> [Your assignment] Run through the records and show each line that includes the string "lemma".

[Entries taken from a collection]
::::::

(* For any graph $G$ on $n\ge1$ vertices and any $\lambda>0$, \[ \frac{\alpha(G)}{\overline\alpha_G(\lambda)}\;\ge\;1+\frac{\alpha(G)}{\lambda n}, \] or equivalently $P_G(\lambda)\ge\left(\frac{\lambda}{\alpha(G)}+\frac1n\right)P_G'(\lambda)$. Equality holds when $G$ is a disjoint union of copies of $K_r$, for any $r\ge1$.
   Context: $\alpha(G)$ is the maximum size of an independent set of $G$. $P_G(\lambda)=\sum_J\lambda^{|J|}$ over all independent sets $J$ of $G$ (including the empty set), and $\overline\alpha_G(\lambda)=\lambda P_G'(\lambda)/P_G(\lambda)$ is the expected size of an independent set drawn from the hard-core model $\Pr[J]=\lambda^{|J|}/P_G(\lambda)$. $K_r$ is the complete graph on $r$ vertices. *)

theory Defs
  imports "HOL-Analysis.Analysis"
begin

definition graph :: "'a set \<Rightarrow> ('a \<Rightarrow> 'a \<Rightarrow> bool) \<Rightarrow> bool" where
  "graph V E \<longleftrightarrow> finite V \<and> (\<forall>x y. E x y \<longrightarrow> E y x) \<and> (\<forall>x. \<not> E x x)
     \<and> (\<forall>x y. E x y \<longrightarrow> x \<in> V \<and> y \<in> V)"

definition indep_set :: "'a set \<Rightarrow> ('a \<Rightarrow> 'a \<Rightarrow> bool) \<Rightarrow> 'a set \<Rightarrow> bool" where
  "indep_set V E J \<longleftrightarrow> J \<subseteq> V \<and> (\<forall>x\<in>J. \<forall>y\<in>J. \<not> E x y)"

definition indep_num :: "'a set \<Rightarrow> ('a \<Rightarrow> 'a \<Rightarrow> bool) \<Rightarrow> nat" where
  "indep_num V E = Max (card ` {J. indep_set V E J})"

definition indep_poly :: "'a set \<Rightarrow> ('a \<Rightarrow> 'a \<Rightarrow> bool) \<Rightarrow> real \<Rightarrow> real" where
  "indep_poly V E lam = (\<Sum>J\<in>{J. indep_set V E J}. lam ^ card J)"

text \<open>Expected size of a hard-core independent set: lambda P_G'(lambda) / P_G(lambda).\<close>
definition avg_indep :: "'a set \<Rightarrow> ('a \<Rightarrow> 'a \<Rightarrow> bool) \<Rightarrow> real \<Rightarrow> real" where
  "avg_indep V E lam = lam * deriv (indep_poly V E) lam / indep_poly V E lam"

end

theory Submission
  imports Defs
begin

(* Write i_k for the number of independent k-sets, a = alpha(G) and n = |V|. Since
   P' = sum_k (k+1) i_(k+1) lam^k and n (a P - lam P') = sum_k n (a - k) i_k lam^k, the inequality is
   the lam^k-weighted sum of the coefficient inequalities a (k+1) i_(k+1) <= n (a - k) i_k for k <= a.
   These are proved by downward induction on k, starting from i_(a+1) = 0: double counting the pairs
   (J, v) of an independent k-set J and a vertex v extending it, followed by Cauchy-Schwarz, gives
   ((k+1) i_(k+1))^2 <= i_k (n i_(k+1) + k (k+2) i_(k+2)).
   In a disjoint union of copies of K_r every independent k-set is extended by exactly
   n - r k = r (a - k) vertices, which turns all coefficient inequalities into equalities. *)

definition indep_sets_of_card :: "'a set \<Rightarrow> ('a \<Rightarrow> 'a \<Rightarrow> bool) \<Rightarrow> nat \<Rightarrow> 'a set set" where
  "indep_sets_of_card V E k = {J. indep_set V E J \<and> card J = k}"

definition free_vertices :: "'a set \<Rightarrow> ('a \<Rightarrow> 'a \<Rightarrow> bool) \<Rightarrow> 'a set \<Rightarrow> 'a set" where
  "free_vertices V E J = {v\<in>V. v \<notin> J \<and> (\<forall>u\<in>J. \<not> E u v)}"

definition closed_nbhd :: "'a set \<Rightarrow> ('a \<Rightarrow> 'a \<Rightarrow> bool) \<Rightarrow> 'a \<Rightarrow> 'a set" where
  "closed_nbhd V E u = {v\<in>V. v = u \<or> E u v}"
lemma equivariant_halving_solution_exists:
  fixes u :: "'a \<Rightarrow> real"
  assumes "measurably_invertible M \<theta>" and u[measurable]: "u \<in> borel_measurable M"
    and u_range: "\<And>\<omega>. u \<omega> \<in> {a..b}"
  obtains h where "h \<in> borel_measurable M" "\<And>\<omega>. h \<omega> \<in> {2*a..2*b}"
    "\<And>\<omega>. \<omega> \<in> space M \<Longrightarrow> h (\<theta> \<omega>) = h \<omega> / 2 + u \<omega>"
proof -
  obtain \<psi> where \<psi>[measurable]: "\<psi> \<in> M \<rightarrow>\<^sub>M M" and \<psi>_\<theta>: "\<And>\<omega>. \<omega> \<in> space M \<Longrightarrow> \<psi> (\<theta> \<omega>) = \<omega>"
    using assms(1) unfolding measurably_invertible_def by blast
  define h where "h \<omega> = (\<Sum>m. (1/2::real)^m * u ((\<psi> ^^ Suc m) \<omega>))" for \<omega>
  have summable: "summable (\<lambda>m. (1/2::real)^m * u (g m))" for g
  proof (rule summable_comparison_test)
    show "\<exists>N. \<forall>m\<ge>N. norm ((1/2::real)^m * u (g m)) \<le> max \<bar>a\<bar> \<bar>b\<bar> * (1/2)^m"
    proof (intro exI allI impI)
      fix m
      have "\<bar>u (g m)\<bar> \<le> max \<bar>a\<bar> \<bar>b\<bar>"
        using u_range[of "g m"] by auto
      then show "norm ((1/2::real)^m * u (g m)) \<le> max \<bar>a\<bar> \<bar>b\<bar> * (1/2)^m"
        by (simp add: abs_mult mult.commute mult_left_mono)
    qed
  qed (intro summable_mult summable_geometric, simp)
  have [measurable]: "\<psi> ^^ m \<in> M \<rightarrow>\<^sub>M M" for m
    by (rule measurable_funpow[OF \<psi>])
  have "h \<in> borel_measurable M"
    unfolding h_def by measurable
  moreover have "h \<omega> \<in> {2*a..2*b}" for \<omega>
  proof -
    have geometric: "(\<lambda>m. (1/2::real)^m * c) sums (2 * c)" for c
      using sums_mult2[OF geometric_sums[of "1/2::real"]] by simp
    have h_sums: "(\<lambda>m. (1/2::real)^m * u ((\<psi> ^^ Suc m) \<omega>)) sums h \<omega>"
      unfolding h_def by (rule summable_sums[OF summable])
    have "2 * a \<le> h \<omega>"
      by (rule sums_le[OF _ geometric h_sums]) (use u_range in \<open>simp add: mult_left_mono\<close>)
    moreover have "h \<omega> \<le> 2 * b"
      by (rule sums_le[OF _ h_sums geometric]) (use u_range in \<open>simp add: mult_left_mono\<close>)
    ultimately show ?thesis
      by simp
  qed
  moreover have "h (\<theta> \<omega>) = h \<omega> / 2 + u \<omega>" if \<omega>: "\<omega> \<in> space M" for \<omega>
  proof -
    define g where "g m = (1/2::real)^m * u ((\<psi> ^^ m) \<omega>)" for m
    have "h (\<theta> \<omega>) = (\<Sum>m. g m)"
      unfolding h_def g_def by (simp only: funpow_Suc_right comp_apply \<psi>_\<theta>[OF \<omega>])
    also have "\<dots> = (\<Sum>m. g (Suc m)) + g 0"
      using suminf_split_head[of g] summable unfolding g_def by simp
    also have "(\<Sum>m. g (Suc m)) = (\<Sum>m. 1/2 * ((1/2::real)^m * u ((\<psi> ^^ Suc m) \<omega>)))"
      unfolding g_def by (simp only: power_Suc mult.assoc)
    also have "\<dots> = 1/2 * h \<omega>"
      unfolding h_def by (rule suminf_mult[OF summable])
    finally show ?thesis
      by (simp add: g_def)
  qed
  ultimately show ?thesis
    using that by blast
qed

lemma halving_orbits_converge:
  fixes y z c :: "nat \<Rightarrow> real"
  assumes "\<And>j. z (Suc j) = z j / 2 + c j" "\<And>j. y (Suc j) = y j / 2 + c j"
  shows "(\<lambda>j. z j - y j) \<longlonglongrightarrow> 0"
proof -
  have "(\<lambda>j. z j - y j) = (\<lambda>j. (z 0 - y 0) * (1/2)^j)"
  proof
    show "z j - y j = (z 0 - y 0) * (1/2)^j" for j
      by (induction j) (simp_all add: assms field_simps)
  qed
  then show ?thesis
    by (simp only:) (intro tendsto_mult_right_zero LIMSEQ_realpow_zero, simp_all)
qed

::::::

> [Finished exercise]
lemma equivariant_halving_solution_exists:
lemma halving_orbits_converge:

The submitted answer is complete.